Sneezing, watery-eyes, itchy throats.
"People are really miserable," says University of Kentucky Allergist, Dr. Beth Miller.
Allergy season is back in the Bluegrass with a bang.
"Tree pollens are the dominant or major pollen. Our counts this year are significantly higher than last year," Dr. Miller explains.
And, thanks to a warmer winter, allergy season has arrived earlier than normal, by a couple weeks.
"We typically have spring tree pollens until about late May, then summer grasses and then ragweed, of course, and other weeds in the late summer and fall," she comments.
But, the University of Kentucky is keeping up with with the pollen counts everyday by using a measuring system on the roof of the Health Services Building.
"You pull the mechanism. This is the slide piece that the pollen clings to," explains UK Preventative Maintenance Tech Mike Mills.
The slides with the pollen on them are taken out of this machine to a lab across campus.

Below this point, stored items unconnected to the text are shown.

(* As $n\to\infty$: $\mathrm{sat}_\circlearrowright(n,F)=\Theta(n)$ for $F\in\{M_2,S_1,S_2\}$; $\mathrm{sat}_\circlearrowright(n,F)=\Theta(n^2)$ for $F\in\{M_1,M_3,D_1,D_2\}$; and $\mathrm{sat}_\circlearrowright(n,S_3)=\Omega(n)$ and $\mathrm{sat}_\circlearrowright(n,S_3)=O(n\log_2 n)$.
   Context: A convex geometric hypergraph (cgh) on $\Omega_n=\{v_0,\dots,v_{n-1}\}$ is a family of subsets (edges) of $\Omega_n$, where the vertices carry the cyclic order $v_0<v_1<\dots<v_{n-1}<v_0$ (indices mod $n$). It is a $3$-cgh if all edges have size $3$. For a cgh $F$, $H$ contains a copy of $F$ if there is an injection of the vertex set of $F$ into $\Omega_n$ preserving the cyclic order and mapping every edge of $F$ to an edge of $H$; $H$ is $F$-free if it contains no copy of $F$. $H\subseteq\binom{\Omega_n}{3}$ is $F$-saturated if it is $F$-free and for every $e\in\binom{\Omega_n}{3}\setminus H$, $H\cup\{e\}$ contains a copy of $F$. $\mathrm{sat}_\circlearrowright(n,F)$ is the minimum number of edges of an $F$-saturated $3$-cgh on $\Omega_n$. The following two-edge $3$-cghs are considered (each on the vertex set $\Omega_k$ with $k$ the number of vertices used): $M_1$: $\{v_0,v_1,v_2\},\{v_3,v_4,v_5\}$; $M_2$: $\{v_0,v_1,v_3\},\{v_2,v_4,v_5\}$; $M_3$: $\{v_0,v_2,v_4\},\{v_1,v_3,v_5\}$; $S_1$: $\{v_0,v_1,v_2\},\{v_0,v_3,v_4\}$; $S_2$: $\{v_0,v_1,v_4\},\{v_0,v_2,v_3\}$; $S_3$: $\{v_0,v_1,v_3\},\{v_0,v_2,v_4\}$; $D_1$: $\{v_0,v_1,v_2\},\{v_0,v_2,v_3\}$; $D_2$: $\{v_0,v_1,v_2\},\{v_0,v_1,v_3\}$. *)

theory Defs
  imports Main "HOL-Library.Landau_Symbols"
begin

text \<open>Vertices of \<Omega>_n are represented by 0..<n (v_i is i), with cyclic order
0 < 1 < ... < n-1 < 0.  A cgh is a set of vertex sets.\<close>

definition cyc :: "nat \<Rightarrow> nat \<Rightarrow> nat \<Rightarrow> bool" where
  "cyc a b c \<longleftrightarrow> (a < b \<and> b < c) \<or> (b < c \<and> c < a) \<or> (c < a \<and> a < b)"

definition cyc_embedding :: "nat \<Rightarrow> nat \<Rightarrow> (nat \<Rightarrow> nat) \<Rightarrow> bool" where
  "cyc_embedding k n phi \<longleftrightarrow>
     inj_on phi {..<k} \<and> phi ` {..<k} \<subseteq> {..<n} \<and>
     (\<forall>a<k. \<forall>b<k. \<forall>c<k. cyc a b c \<longrightarrow> cyc (phi a) (phi b) (phi c))"

definition contains_copy :: "nat \<Rightarrow> nat set set \<Rightarrow> nat \<Rightarrow> nat set set \<Rightarrow> bool" where
  "contains_copy n H k F \<longleftrightarrow>
     (\<exists>phi. cyc_embedding k n phi \<and> (\<forall>e\<in>F. phi ` e \<in> H))"

definition triples :: "nat \<Rightarrow> nat set set" where
  "triples n = {e. e \<subseteq> {..<n} \<and> card e = 3}"

definition saturated :: "nat \<Rightarrow> nat \<Rightarrow> nat set set \<Rightarrow> nat set set \<Rightarrow> bool" where
  "saturated n k F H \<longleftrightarrow>
     H \<subseteq> triples n \<and> \<not> contains_copy n H k F \<and>
     (\<forall>e\<in>triples n - H. contains_copy n (insert e H) k F)"

definition sat_cyc :: "nat \<Rightarrow> nat \<Rightarrow> nat set set \<Rightarrow> nat" where
  "sat_cyc n k F = (LEAST m. \<exists>H. saturated n k F H \<and> card H = m)"

definition M1 :: "nat set set" where "M1 = {{0,1,2},{3,4,5}}"
definition M2 :: "nat set set" where "M2 = {{0,1,3},{2,4,5}}"
definition M3 :: "nat set set" where "M3 = {{0,2,4},{1,3,5}}"
definition S1 :: "nat set set" where "S1 = {{0,1,2},{0,3,4}}"
definition S2 :: "nat set set" where "S2 = {{0,1,4},{0,2,3}}"
definition S3 :: "nat set set" where "S3 = {{0,1,3},{0,2,4}}"
definition D1 :: "nat set set" where "D1 = {{0,1,2},{0,2,3}}"
definition D2 :: "nat set set" where "D2 = {{0,1,2},{0,1,3}}"

end

theory Submission
  imports Defs "HOL-Library.Log_Nat"
begin

text \<open>Upper bounds come from explicit \<open>F\<close>-free hypergraphs \<open>G\<close> together with a small family
  \<open>S\<close> of exceptional triples such that every triple outside \<open>G \<union> S\<close> already completes a copy of
  \<open>F\<close> over \<open>G\<close>; adding triples of \<open>S\<close> greedily then gives a saturated hypergraph with at most
  \<open>|G| + |S|\<close> edges. For \<open>S\<^sub>3\<close> the construction is recursive: a fan from the endpoints of a
  halving chord, plus the construction on both sides of it, which yields \<open>O(n log n)\<close> edges.

  Lower bounds: if the two edges of \<open>F\<close> share a vertex, a saturated \<open>H\<close> covers all but two vertices;
  for \<open>M\<^sub>2\<close> it meets every three consecutive vertices; for \<open>M\<^sub>3\<close> it contains every triple
  \<open>{x, x + 1, y}\<close>; if the edges share two vertices (\<open>D\<^sub>1\<close>, \<open>D\<^sub>2\<close>), all pairs of vertices
  away from the link of a vertex of minimum degree are covered; and for \<open>M\<^sub>1\<close> all pairs are covered:
  after a rotation the pair contains \<open>v\<^sub>n\<^sub>-\<^sub>1\<close>, and a sweep produces two edges in disjoint arcs,
  i.e. a copy of \<open>M\<^sub>1\<close>.\<close>

section \<open>Cyclic order and copies\<close>

lemma cyc_rotate: "cyc a b c \<longleftrightarrow> cyc b c a"
  unfolding cyc_def by auto

lemma cyc_adjacent: "\<not> cyc a w (Suc a)"
  unfolding cyc_def by auto

lemma cyc_interleave: "cyc a c b \<Longrightarrow> cyc b d a \<Longrightarrow> cyc c b d"
  unfolding cyc_def by (elim disjE conjE) simp_all

lemma cyc_triple_rotation:
  assumes "x < y" "y < z" "{p, q, r} = {x, y, z}" "cyc p q r"
  shows "(p = x \<and> q = y \<and> r = z) \<or> (p = y \<and> q = z \<and> r = x) \<or> (p = z \<and> q = x \<and> r = y)"
proof -
  have "p \<noteq> q" "p \<noteq> r" "q \<noteq> r" using assms(4) unfolding cyc_def by auto
  moreover have "p \<in> {x, y, z}" "q \<in> {x, y, z}" "r \<in> {x, y, z}" using assms(3) by blast+
  ultimately have "(p = x \<and> q = y \<and> r = z) \<or> (p = y \<and> q = z \<and> r = x) \<or> (p = z \<and> q = x \<and> r = y) \<or>
     (p = x \<and> q = z \<and> r = y) \<or> (p = y \<and> q = x \<and> r = z) \<or> (p = z \<and> q = y \<and> r = x)"
    by auto
  then show ?thesis using assms(1,2,4) unfolding cyc_def by auto
qed

lemma mod_less_double:
  fixes x n :: nat
  assumes "x < 2 * n"
  shows "x mod n = (if x < n then x else x - n)"
  using assms le_mod_geq[of n x] by auto

lemma cyc_mod_window:
  fixes a b c n :: nat
  assumes "a < b" "b < c" "c < a + n"
  shows "cyc (a mod n) (b mod n) (c mod n)"
proof -
  define u where "u = a mod n"
  have u: "u < n" using assms by (simp add: u_def)
  define B where "B = u + (b - a)"
  define C where "C = u + (c - a)"
  have order: "u < B" "B < C" "C < u + n" using assms unfolding B_def C_def by linarith+
  have "b = B + a div n * n" "c = C + a div n * n"
    using assms div_mult_mod_eq[of a n] unfolding u_def B_def C_def by linarith+
  then have "b mod n = B mod n" "c mod n = C mod n" by (metis mod_mult_self1)+
  moreover have "B < 2 * n" "C < 2 * n" using order u by linarith+
  ultimately have b: "b mod n = (if B < n then B else B - n)"
    and c: "c mod n = (if C < n then C else C - n)"
    using mod_less_double by presburger+
  consider "C < n" | "B < n" "n \<le> C" | "n \<le> B" using order by linarith
  then show ?thesis
  proof cases
    case 1 then show ?thesis using order b c unfolding cyc_def u_def by simp
  next
    case 2
    then have "c mod n < a mod n" "a mod n < b mod n" using order b c unfolding u_def by auto
    then show ?thesis unfolding cyc_def by simp
  next
    case 3
    then have "b mod n < c mod n" "c mod n < a mod n" using order b c unfolding u_def by auto
    then show ?thesis unfolding cyc_def by simp
  qed
qed

lemma mod_neq_in_window:
  fixes a b n :: nat
  assumes "a < b" "b < a + n"
  shows "a mod n \<noteq> b mod n"
proof
  assume "a mod n = b mod n"
  then have "n dvd b - a" using assms mod_eq_dvd_iff_nat[of a b n] by simp
  then show False using assms nat_dvd_not_less[of "b - a" n] by simp
qed

lemma cyc_embedding_sorted_list:
  assumes sorted: "sorted_wrt (<) xs" and ne: "xs \<noteq> []" and span: "last xs < hd xs + n"
  shows "cyc_embedding (length xs) n (\<lambda>i. xs ! i mod n)"
proof -
  have lt: "xs ! i < xs ! j" if "i < j" "j < length xs" for i j
    using sorted_wrt_nth_less[OF sorted that] .
  have le_last: "xs ! j \<le> last xs" if "j < length xs" for j
  proof -
    have "j < length xs - 1 \<or> j = length xs - 1" using that by linarith
    then show ?thesis using lt[of j "length xs - 1"] that ne by (auto simp: last_conv_nth)
  qed
  have hd_le: "hd xs \<le> xs ! i" if "i < length xs" for i
    using lt[of 0 i] that ne by (cases "i = 0") (auto simp: hd_conv_nth)
  have window: "xs ! j < xs ! i + n" if "i < length xs" "j < length xs" for i j
    using le_last[OF that(2)] hd_le[OF that(1)] span by linarith
  have "inj_on (\<lambda>i. xs ! i mod n) {..<length xs}"
  proof (rule inj_onI)
    fix i j assume "i \<in> {..<length xs}" "j \<in> {..<length xs}" "xs ! i mod n = xs ! j mod n"
    then show "i = j"
      using mod_neq_in_window[of "xs ! i" "xs ! j" n] mod_neq_in_window[of "xs ! j" "xs ! i" n]
        lt[of i j] lt[of j i] window[of i j] window[of j i]
      by (metis lessThan_iff linorder_neqE_nat)
  qed
  moreover have sorted_cyc: "cyc (xs ! a mod n) (xs ! b mod n) (xs ! c mod n)"
    if "a < b" "b < c" "c < length xs" for a b c
    using cyc_mod_window[of "xs ! a" "xs ! b" "xs ! c" n] lt[of a b] lt[of b c] window[of a c] that
    by simp
  moreover have "0 < n" using window[of 0 0] ne by simp
  moreover have "cyc (xs ! a mod n) (xs ! b mod n) (xs ! c mod n)"
    if "a < length xs" "b < length xs" "c < length xs" "cyc a b c" for a b c
    using that(4) sorted_cyc[of a b c] sorted_cyc[of b c a] sorted_cyc[of c a b] that(1-3) cyc_rotate
    unfolding cyc_def by metis
  ultimately show ?thesis unfolding cyc_embedding_def by auto
qed

text \<open>Copies are exhibited by listing the images of \<open>v\<^sub>0, \<dots>, v\<^sub>k\<^sub>-\<^sub>1\<close> as an
  increasing list of naturals spanning less than \<open>n\<close>; entries \<open>\<ge> n\<close> stand for their
  residues, i.e. the list may wrap around past \<open>v\<^sub>n\<^sub>-\<^sub>1\<close>.\<close>

lemma contains_copy_sorted_listI:
  assumes "sorted_wrt (<) xs" "xs \<noteq> []" "last xs < hd xs + n" "length xs = k"
    and "\<forall>e\<in>F. (\<lambda>i. xs ! i mod n) ` e \<in> H"
  shows "contains_copy n H k F"
  unfolding contains_copy_def using cyc_embedding_sorted_list[OF assms(1-3)] assms(4,5) by blast

lemma Suc_self_mod [simp]: "2 \<le> n \<Longrightarrow> Suc n mod n = 1"
  by (simp add: mod_Suc)

lemma Suc_Suc_self_mod [simp]: "3 \<le> n \<Longrightarrow> Suc (Suc n) mod n = 2"
  by (simp add: mod_Suc)

lemma Suc_Suc_Suc_self_mod [simp]: "4 \<le> n \<Longrightarrow> Suc (Suc (Suc n)) mod n = 3"
  by (simp add: mod_Suc)

lemma Suc_add_self_mod [simp]: "Suc c < n \<Longrightarrow> Suc (n + c) mod n = Suc c"
  by (metis add_Suc_right mod_add_self1 mod_less)

lemma cyc_embedding_cyc:
  "cyc_embedding k n phi \<Longrightarrow> a < k \<Longrightarrow> b < k \<Longrightarrow> c < k \<Longrightarrow> cyc a b c \<Longrightarrow>
    cyc (phi a) (phi b) (phi c)"
  unfolding cyc_embedding_def by blast

lemma cyc_embedding_less: "cyc_embedding k n phi \<Longrightarrow> a < k \<Longrightarrow> phi a < n"
  unfolding cyc_embedding_def by auto

lemma cyc_embedding_neq:
  "cyc_embedding k n phi \<Longrightarrow> a < k \<Longrightarrow> b < k \<Longrightarrow> a \<noteq> b \<Longrightarrow> phi a \<noteq> phi b"
  unfolding cyc_embedding_def inj_on_def by blast

lemma contains_copy_mono: "contains_copy n A k F \<Longrightarrow> A \<subseteq> B \<Longrightarrow> contains_copy n B k F"
  unfolding contains_copy_def by blast

lemma contains_copy_insert_two_edges:
  assumes F: "F = {ea, eb}" "ea \<noteq> eb" "ea \<subseteq> {..<k}" "eb \<subseteq> {..<k}"
    and copy: "contains_copy n (insert t H) k F" and free: "\<not> contains_copy n H k F"
  obtains phi where "cyc_embedding k n phi"
    "(phi ` ea = t \<and> phi ` eb \<in> H) \<or> (phi ` eb = t \<and> phi ` ea \<in> H)"
proof -
  obtain phi where emb: "cyc_embedding k n phi" and im: "\<forall>e\<in>F. phi ` e \<in> insert t H"
    using copy unfolding contains_copy_def by blast
  have "inj_on phi {..<k}" using emb unfolding cyc_embedding_def by blast
  then have "phi ` ea \<noteq> phi ` eb" using inj_on_image_eq_iff F(2-4) by metis
  moreover have "\<not> (phi ` ea \<in> H \<and> phi ` eb \<in> H)"
    using free emb F(1) unfolding contains_copy_def by blast
  ultimately show ?thesis using that emb im F(1) by auto
qed

lemma contains_copy_pairwise_intersecting:
  assumes "\<forall>a\<in>G. \<forall>b\<in>G. a \<inter> b \<noteq> {}"
    and "F = {ea, eb}" "ea \<inter> eb = {}" "ea \<subseteq> {..<k}" "eb \<subseteq> {..<k}"
  shows "\<not> contains_copy n G k F"
proof
  assume "contains_copy n G k F"
  then obtain phi where emb: "cyc_embedding k n phi" and im: "phi ` ea \<in> G" "phi ` eb \<in> G"
    unfolding contains_copy_def using assms(2) by auto
  have "inj_on phi {..<k}" using emb unfolding cyc_embedding_def by blast
  then have "phi ` ea \<inter> phi ` eb = phi ` (ea \<inter> eb)"
    using assms(4,5) by (simp add: inj_on_image_Int)
  then show False using assms(1,3) im by auto
qed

"We have the counts sent to us. We document them and log them and send them to the National Allergy Bureau and they keep our data," comments Dr. Miller.
Dr. Miller says it's also a way to keep the public informed. She says if you have allergies, there are some things you can to do ease the symptoms.
"Try to avoid high pollinating times. Don't do things when the pollen counts are highest, mid-morning. If you're going to work outside, come in the house and shower. Windows closed and air conditioning on are important. A lot of people like to open their windows in the spring to let the air out but that's one of the worst things you can do," comments Dr. Miller.
Of course, if you have serious allergic reactions, always contact your doctor.